## What needs to be done:
Search the records for the string "labels", then copy each line that has it.

## Provided information:
(* The complex $$\cdots\xrightarrow{Q}\frac{\mathcal{D}\otimes H^\ast_{-5}}{C(\mathcal{D}\otimes H^\ast_{-9})}\xrightarrow{Q}\frac{\mathcal{D}\otimes H^\ast_{-3}}{C(\mathcal{D}\otimes H^\ast_{-7})}\xrightarrow{Q}\frac{\mathcal{D}\otimes H^\ast_{-1}}{C(\mathcal{D}\otimes H^\ast_{-5})}\longrightarrow B\longrightarrow0,$$ where the last map is the natural projection and $B=\dfrac{\mathcal{D}\otimes H^\ast_{-1}}{Q(\mathcal{D}\otimes H^\ast_{-3})+C(\mathcal{D}\otimes H^\ast_{-5})}$, is exact.
   Context: $\mathcal{D}=\mathbb{C}[\partial_1,\partial_3,\partial_5,\ldots]$ is a polynomial ring in commuting variables $\partial_{2n-1}$, $n\ge1$. Fermions $\psi_n,\psi^\ast_n$ ($n\in2\mathbb{Z}+1$) satisfy $[\psi_m,\psi_n]_+=[\psi^\ast_m,\psi^\ast_n]_+=0$, $[\psi^\ast_m,\psi_n]_+=\delta_{mn}$ ($[X,Y]_+=XY+YX$). For odd $m$ the bra vacuum $\langle m|$ satisfies $\langle m|\psi_n=0$ for $n\le m$, $\langle m|\psi^\ast_n=0$ for $n>m$, $\langle m-2|\psi_m=\langle m|$; $H^\ast_m$ is the Fock space of bra vectors obtained from $\langle m|$ by right multiplication with products of equal numbers of $\psi$'s and $\psi^\ast$'s. Fermion operators act on $\mathcal{D}\otimes H^\ast_m$ on the second factor from the right, $\mathcal{D}$-linearly. Define $Q:\mathcal{D}\otimes H^\ast_m\to\mathcal{D}\otimes H^\ast_{m+2}$ by $Q(P\otimes v)=\sum_{n\ge1}\partial_{2n-1}P\otimes v\,\psi_{-(2n-1)}$; $Q^2=0$. For $n,l\ge1$ let $P_{n,l}(\partial)=\sum_{i+j=l+1,\ 1\le j<n,\ i\ge1}\frac{1}{n-j}\partial_{2i-1}\partial_{2j-1}\in\mathcal{D}$, and define the $\mathcal{D}$-linear combinations of fermions $\tilde\psi_{-(2n-1)}=\psi_{-(2n-1)}$, $\tilde\psi_{2n-1}=2(2n-1)\psi_{2n-1}-\sum_{l\ge1}P_{n,l}(\partial)\psi_{2n-1-2l}$ ($n\ge1$). Define $C:\mathcal{D}\otimes H^\ast_m\to\mathcal{D}\otimes H^\ast_{m+4}$ by right multiplication with $\sum_{n\ge1}\tilde\psi_{2n-1}\tilde\psi_{-(2n-1)}$, the coefficients $P_{n,l}(\partial)$ multiplying the $\mathcal{D}$-factor. Then $Q$ and $C$ commute, so $Q$ induces maps between the quotients displayed. *)

theory Defs
  imports Complex_Main "HOL-Library.Poly_Mapping"
begin

text \<open>The ring D = C[d_1, d_3, d_5, ...]: polynomials in countably many commuting
  variables, as finitely supported functions from monomials to complex numbers.
  The monomial key k (a nat) stands for the variable d_(2k+1).\<close>

type_synonym Dring = "(nat \<Rightarrow>\<^sub>0 nat) \<Rightarrow>\<^sub>0 complex"

text \<open>The variable d_(2n-1), n >= 1.\<close>
definition dvar :: "nat \<Rightarrow> Dring" where
  "dvar n = Poly_Mapping.single (Poly_Mapping.single (n - 1) 1) 1"

text \<open>Basis bra vectors are labelled by sets S of odd integers: right multiplication
  by psi_n inserts n, by psi*_n removes n.  The vacuum bra <m| is the set of odd
  integers <= m.  D tensor (fermionic Fock space) = finitely supported maps from
  labels to D.\<close>

type_synonym fock = "int set \<Rightarrow>\<^sub>0 Dring"

definition vac :: "int \<Rightarrow> int set" where
  "vac m = {x. odd x \<and> x \<le> m}"

text \<open>S labels a basis vector of H*_m.\<close>
definition charge_state :: "int \<Rightarrow> int set \<Rightarrow> bool" where
  "charge_state m S \<longleftrightarrow> (\<forall>x\<in>S. odd x) \<and> finite (S - vac m) \<and> finite (vac m - S)
     \<and> card (S - vac m) = card (vac m - S)"
lemma a_deriv:
  "(a has_real_derivative - (m / (1 - m)) * (a s - 2)\<^sup>2 - (N - 2) * (a s - 2)
      - \<beta> / (N - 1) * w s * a s) (at s)"
proof -
  define R where "R = exp s"
  define V where "V = v R"
  have R: "R > 0" unfolding R_def by simp
  have V: "V > 0" unfolding V_def using v_pos R by simp
  have v_exp: "((\<lambda>s. v (exp s)) has_real_derivative v1 R * R) (at s)"
    using DERIV_chain2[OF v_deriv DERIV_exp[of s]] unfolding R_def by simp
  have v1_exp: "((\<lambda>s. v1 (exp s)) has_real_derivative v2 R * R) (at s)"
    using DERIV_chain2[OF v1_deriv DERIV_exp[of s]] unfolding R_def by simp
  have "((\<lambda>s. exp s * v1 (exp s) / v (exp s)) has_real_derivative
      ((R * v1 R + R * (v2 R * R)) * V - R * v1 R * (v1 R * R)) / (V * V)) (at s)"
    using DERIV_divide[OF DERIV_mult[OF DERIV_exp v1_exp] v_exp] V
    unfolding V_def R_def by (simp add: ac_simps)
  from DERIV_add[OF DERIV_const DERIV_cmult[OF this]]
  have "(a has_real_derivative (1 - m) * (((R * v1 R + R * (v2 R * R)) * V - R * v1 R * (v1 R * R))
      / (V * V))) (at s)"
    unfolding a_def[abs_def] by simp
  moreover have "(1 - m) * (((R * v1 R + R * (v2 R * R)) * V - R * v1 R * (v1 R * R)) / (V * V))
      = - (m / (1 - m)) * (a s - 2)\<^sup>2 - (N - 2) * (a s - 2) - \<beta> / (N - 1) * w s * a s"
  proof -
    define p where "p = R * v1 R / V"
    define T where "T = R\<^sup>2 * v2 R / V"
    define W where "W = R\<^sup>2 * V powr (1 - m)"
    have w: "w s = W" unfolding w_def W_def R_def V_def ..
    have a: "a s = 2 + (1 - m) * p" unfolding a_def p_def R_def V_def ..
    define Vm where "Vm = V powr m"
    have Vm: "Vm > 0" unfolding Vm_def using V by simp
    have powers: "V powr (m - 1) = Vm / V" "V powr (m - 2) = Vm / V\<^sup>2" "V powr (1 - m) = V / Vm"
      unfolding Vm_def using V by (simp_all add: powr_diff)
    have "(N - 1) / m * ((m * (m - 1) * (Vm / V\<^sup>2) * (v1 R)\<^sup>2 + m * (Vm / V) * v2 R)
        + (N - 1) / R * (m * (Vm / V) * v1 R)) + 2 * \<beta> / (1 - m) * V + \<beta> * (R * v1 R) = 0"
      using ode[OF R] unfolding V_def[symmetric] powers .
    moreover have "R\<^sup>2 / Vm * ((N - 1) / m * ((m * (m - 1) * (Vm / V\<^sup>2) * (v1 R)\<^sup>2 + m * (Vm / V) * v2 R)
        + (N - 1) / R * (m * (Vm / V) * v1 R)) + 2 * \<beta> / (1 - m) * V + \<beta> * (R * v1 R))
      = (N - 1) * ((m - 1) * p\<^sup>2 + T + (N - 1) * p) + \<beta> * W * (2 / (1 - m) + p)"
      using R V Vm m_pos m_lt_1 unfolding p_def T_def W_def powers
      by (simp add: field_simps power2_eq_square)
    ultimately have "(N - 1) * ((m - 1) * p\<^sup>2 + T + (N - 1) * p) + \<beta> * W * (2 / (1 - m) + p) = 0"
      by (metis mult_zero_right)
    define c where "c = \<beta> / (N - 1)"
    have T: "T = (1 - m) * p\<^sup>2 - (N - 1) * p - c * W * (2 / (1 - m) + p)"
      unfolding c_def
      using N_gt_1 \<open>(N - 1) * ((m - 1) * p\<^sup>2 + T + (N - 1) * p) + \<beta> * W * (2 / (1 - m) + p) = 0\<close>
      by (simp add: field_simps)
    have "(1 - m) * (((R * v1 R + R * (v2 R * R)) * V - R * v1 R * (v1 R * R)) / (V * V))
        = (1 - m) * (p + T - p\<^sup>2)"
      unfolding p_def T_def using V by (simp add: field_simps power2_eq_square)
    also have "\<dots> = - (m / (1 - m)) * (a s - 2)\<^sup>2 - (N - 2) * (a s - 2) - \<beta> / (N - 1) * w s * a s"
      unfolding T w a c_def[symmetric] using m_pos m_lt_1 by (simp add: field_simps power2_eq_square)
    finally show ?thesis .
  qed
  ultimately show ?thesis by simp
qed

text \<open>Multiplying the equation by \<open>r\<^bsup>N-1\<^esup>\<close> exhibits it as \<open>G' = \<beta> (N - 2 / (1 - m)) r\<^bsup>N-1\<^esup> v > 0\<close>
  for the flux \<open>G\<close> below, and \<open>G(0\<^sup>+) = 0\<close>.\<close>

lemma flux_pos:
  assumes r: "r > 0"
  shows "(N - 1) * r powr (N - 1) * v r powr (m - 1) * v1 r + \<beta> * r powr N * v r > 0"
proof -
  define u1 where "u1 = (\<lambda>t. m * v t powr (m - 1) * v1 t)"
  define u2 where "u2 = (\<lambda>t. m * (m - 1) * v t powr (m - 2) * (v1 t)\<^sup>2 + m * v t powr (m - 1) * v2 t)"
  define G where "G = (\<lambda>r. (N - 1) / m * (r powr (N - 1) * u1 r) + \<beta> * (r powr N * v r))"
  define G' where "G' = (\<lambda>r. \<beta> * (N - 2 / (1 - m)) * (r powr (N - 1) * v r))"
  have "G r > 0"
  proof (rule DERIV_pos_imp_pos_of_tendsto_0_at_right[of G G', OF _ _ _ r])
    fix r :: real assume r: "r > 0"
    have u1: "(u1 has_real_derivative u2 r) (at r)"
    proof -
      have "((\<lambda>t. m * (v t powr (m - 1) * v1 t)) has_real_derivative
          m * ((m - 1) * v r powr (m - 1 - real 1) * v1 r * v1 r + v2 r * v r powr (m - 1))) (at r)"
        using v_pos[of r] r
        by (intro DERIV_cmult DERIV_mult DERIV_fun_powr v_deriv v1_deriv) auto
      then show ?thesis unfolding u1_def u2_def by (simp add: algebra_simps power2_eq_square)
    qed
    have "((\<lambda>r. r powr (N - 1)) has_real_derivative (N - 1) * r powr (N - 2)) (at r)"
      using has_real_derivative_powr[OF r, of "N - 1"] by (simp add: algebra_simps)
    then have "(G has_real_derivative (N - 1) / m * ((N - 1) * r powr (N - 2) * u1 r
        + u2 r * r powr (N - 1)) + \<beta> * (N * r powr (N - 1) * v r + v1 r * r powr N)) (at r)"
      unfolding G_def using r
      by (intro DERIV_add DERIV_cmult DERIV_mult has_real_derivative_powr u1 v_deriv) auto
    moreover have "(N - 1) / m * ((N - 1) * r powr (N - 2) * u1 r + u2 r * r powr (N - 1))
        + \<beta> * (N * r powr (N - 1) * v r + v1 r * r powr N) = G' r"
    proof -
      have powers: "r powr (N - 1) = r powr (N - 2) * r" "r powr N = r powr (N - 2) * r * r"
        using r powr_add[of r "N - 2" 1] powr_add[of r "N - 1" 1] by simp_all
      have "(N - 1) / m * ((N - 1) * r powr (N - 2) * u1 r + u2 r * r powr (N - 1))
          = r powr (N - 2) * r * ((N - 1) / m * (u2 r + (N - 1) / r * u1 r))"
        unfolding powers using r m_pos by (simp add: field_simps)
      also have "(N - 1) / m * (u2 r + (N - 1) / r * u1 r)
          = - (2 * \<beta> / (1 - m) * v r + \<beta> * (r * v1 r))"
        using ode[OF r] unfolding u1_def u2_def by linarith
      finally show ?thesis unfolding G'_def powers using m_lt_1 by (simp add: field_simps)
    qed
    ultimately show "(G has_real_derivative G' r) (at r)" by simp
    have "N - 2 / (1 - m) > 0" using m_lt m_lt_1 by (simp add: field_simps)
    then show "G' r > 0" unfolding G'_def using \<beta>_pos r v_pos[of r] by simp
  next
    have powr_0: "((\<lambda>r. r powr p) \<longlongrightarrow> 0) (at_right 0)" if "p > 0" for p :: real
      using that by (intro tendsto_zero_powrI tendsto_ident_at eventually_at_rightI[of 0 1]) auto
    have "isCont v1 0" by (rule DERIV_isCont[OF v1_deriv])
    then have "(v1 \<longlongrightarrow> v1 0) (at_right 0)"
      unfolding isCont_def by (rule tendsto_within_subset) simp
    then have "(G \<longlongrightarrow> (N - 1) / m * (0 * (m * v 0 powr (m - 1) * v1 0)) + \<beta> * (0 * v 0)) (at_right 0)"
      unfolding G_def u1_def using v_pos[of 0] N_gt_1
      by (intro tendsto_intros powr_0 v_tendsto_0) auto
    then show "(G \<longlongrightarrow> 0) (at_right 0)" by simp
  qed
  moreover have "G r = (N - 1) * r powr (N - 1) * v r powr (m - 1) * v1 r + \<beta> * r powr N * v r"
    unfolding G_def u1_def using m_pos by simp
  ultimately show ?thesis by simp
qed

## Problem solution:
  labels to D.\<close>
text \<open>S labels a basis vector of H*_m.\<close>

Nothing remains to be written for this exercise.